Reading the Social: Lenz, Moritz, Karsch
What does the “social” in the social history of literature mean today? This lecture will explore this question through readings and genre-historical reflections on the letter, the epistolary novel, on “prose,” and on the “psychological novel.”
[Was kann das ‘Soziale’ der Sozialgeschichte der Literatur heute sein? Der Vortrag diskutiert diese Frage anhand von Lektüren und gattungshistorischen Überlegungen zum Brief, Briefroman, zur ‘Prosa’ und zum ‘psychologischen Roman’]
Is there a ‘new social’ in the literary and media history of 18th century? And if this is the case, what would the ‘old social’ have been? I will discuss these questions by drawing on current research on collaborative writing and epistolary network cultures.
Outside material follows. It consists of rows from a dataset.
lemma coset_eq: assumes "x \<in> R" "y \<in> coset J x" shows "coset J y = coset J x"
proof -
  have "y \<in> R" using assms mem_coset add_closed hyperideal_subset by blast
  then show ?thesis
    using coset_subset[OF assms] coset_subset[OF _ mem_coset_sym] assms by blast
qed

lemma coset_eq_iff: "x \<in> R \<Longrightarrow> y \<in> R \<Longrightarrow> coset J x = coset J y \<longleftrightarrow> y \<in> coset J x"
  using coset_eq mem_coset_self by metis

lemma coset_zero: "coset J z = J"
proof -
  have "add z a = {a}" if "a \<in> J" for a using that hyperideal_subset add_zero_left by blast
  then show ?thesis unfolding set_eq_iff mem_coset by auto
qed

lemma coset_mul_cong:
  assumes "x \<in> R" "x' \<in> R" "y \<in> R" "coset J x = coset J x'"
  shows "coset J (mul x y) = coset J (mul x' y)"
proof -
  obtain a where a: "a \<in> J" "x' \<in> add x a" using assms coset_eq_iff mem_coset by blast
  then have "mul y x' \<in> add (mul y x) (mul y a)" using distrib assms hyperideal_subset by blast
  then have "mul x' y \<in> coset J (mul x y)"
    using mul_commute hyperideal_mul a assms mem_coset by metis
  then show ?thesis using coset_eq mul_closed assms by metis
qed

lemma quot_mult_coset:
  assumes "x \<in> R" "y \<in> R"
  shows "quot_mult R add mul J (coset J x) (coset J y) = coset J (mul x y)"
  unfolding quot_mult_def
proof (rule the_equality)
  show "\<forall>x'\<in>R. \<forall>y'\<in>R. coset J x = coset J x' \<and> coset J y = coset J y' \<longrightarrow>
      coset J (mul x y) = coset J (mul x' y')"
    using coset_mul_cong mul_commute assms by (metis mul_closed)
qed (use assms in blast)

end

lemma mem_nilrad: "x \<in> nilrad \<longleftrightarrow> x \<in> R \<and> (\<exists>n\<ge>1. pow x n = z)"
  unfolding hnil_def by simp

lemma nilrad_neg: assumes "a \<in> nilrad" shows "neg a \<in> nilrad"
proof -
  obtain n where n: "n \<ge> 1" "pow a n = z" and a: "a \<in> R" using assms mem_nilrad by blast
  have "pow (neg a) (n + n) = pow (mul a a) n"
    using pow_add pow_mul mul_neg_neg neg_closed a by metis
  also have "\<dots> = z" using pow_mul a n mul_zero_left zero_closed by simp
  finally show ?thesis using mem_nilrad neg_closed a n by (metis le_add2 order_trans)
qed

lemma nilrad_add: assumes "a \<in> nilrad" "c \<in> nilrad" "d \<in> add a c" shows "d \<in> nilrad"
proof -
  obtain m where m: "pow a m = z" and a: "a \<in> R" using assms mem_nilrad by blast
  obtain n where n: "pow c n = z" and c: "c \<in> R" using assms mem_nilrad by blast
  have d: "d \<in> R" using add_closed a c assms by blast
  obtain w where w: "w \<in> R" "pow d (2^m) \<in> add (pow a (2^m)) (mul c w)"
    using mem_add_pow2[OF d a c assms(3)] by blast
  have "pow a (2^m) = z" using pow_eq_zero_mono[OF a m] by (simp add: less_imp_le)
  then have "pow d (2^m) = mul c w" using w add_zero_left mul_closed c by simp
  then have "pow d (2^m * 2^n) = pow (mul c w) (2^n)"
    using pow_pow[OF d, where m = "2^m" and n = "2^n"] by simp
  also have "\<dots> = mul (pow c (2^n)) (pow w (2^n))" using pow_mul c w(1) by blast
  also have "pow c (2^n) = z" using pow_eq_zero_mono[OF c n] by (simp add: less_imp_le)
  finally have "pow d (2^m * 2^n) = z" using mul_zero_left pow_closed w(1) by simp
  moreover have "(1::nat) \<le> 2^m * 2^n" by simp
  ultimately show ?thesis using mem_nilrad d by blast
qed

lemma hyperideal_nilrad: "hyperideal nilrad"
  unfolding hyperideal_def
proof (intro conjI ballI subsetI)
  show "z \<in> nilrad" using mem_nilrad zero_closed mul_one_right by fastforce
  show "mul r a \<in> nilrad" if "a \<in> nilrad" "r \<in> R" for a r
    using that pow_mul[of r a] mem_nilrad mul_closed mul_zero_right pow_closed by metis
qed (use mem_nilrad nilrad_neg nilrad_add in blast)+

subsection \<open>Lifting idempotents\<close>

lemma one_mem_add_complement:
  assumes x: "x \<in> R" and a: "a \<in> R" and xx: "mul x x \<in> add x a"
  obtains b where "b \<in> R" "u \<in> add x b" "mul x b = neg a"
proof -
  have xx_closed: "mul x x \<in> R" using mul_closed x by blast
  have "x \<in> add (mul x x) (neg a)" using add_reversible[OF x a xx_closed xx] by blast
  then have "neg a \<in> add (neg (mul x x)) x"
    using add_reversible[OF xx_closed neg_closed[OF a] x] by blast
  also have "add (neg (mul x x)) x = add (mul x u) (mul x (neg x))"
    using add_commute[OF neg_closed[OF xx_closed] x] mul_neg_right[OF x x] mul_one_right[OF x] by simp
  also have "\<dots> = mul x ` add u (neg x)" using distrib[OF x one_closed neg_closed[OF x]] by simp
  finally obtain b where b: "b \<in> add u (neg x)" "mul x b = neg a" by (metis imageE)
  have b_closed: "b \<in> R" using b(1) add_closed one_closed neg_closed x by blast
  have "u \<in> add b (neg (neg x))" using add_reversible[OF one_closed neg_closed[OF x] b_closed b(1)] by blast
  then have "u \<in> add x b" using neg_neg[OF x] add_commute[OF x b_closed] by simp
  then show thesis using that b_closed b(2) by blast
qed

lemma idempotent_of_orthogonal_sum:
  assumes "e \<in> R" "f \<in> R" "u \<in> add f e" "mul e f = z"
  shows "mul e e = e"
proof -
  have "mul e u \<in> mul e ` add f e" using assms by blast
  then have "e \<in> add z (mul e e)" using distrib assms mul_one_right by simp
  then show ?thesis using add_zero_left mul_closed assms by simp
qed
By juxtaposing Karl Philipp Moritz’ highly canonized novel “Anton Reiser” with Anna Louisa Karsch’s letters as well as marginalized works subsumed as ‘prose’ by Jacob Michael Reinhold Lenz, this talk considers the significance of patronage in the history of modern authorship, and comes to the conclusion that the ‘new social’ is much more hierarchical and media-driven than the apologists of the ‘old social’ would imagine.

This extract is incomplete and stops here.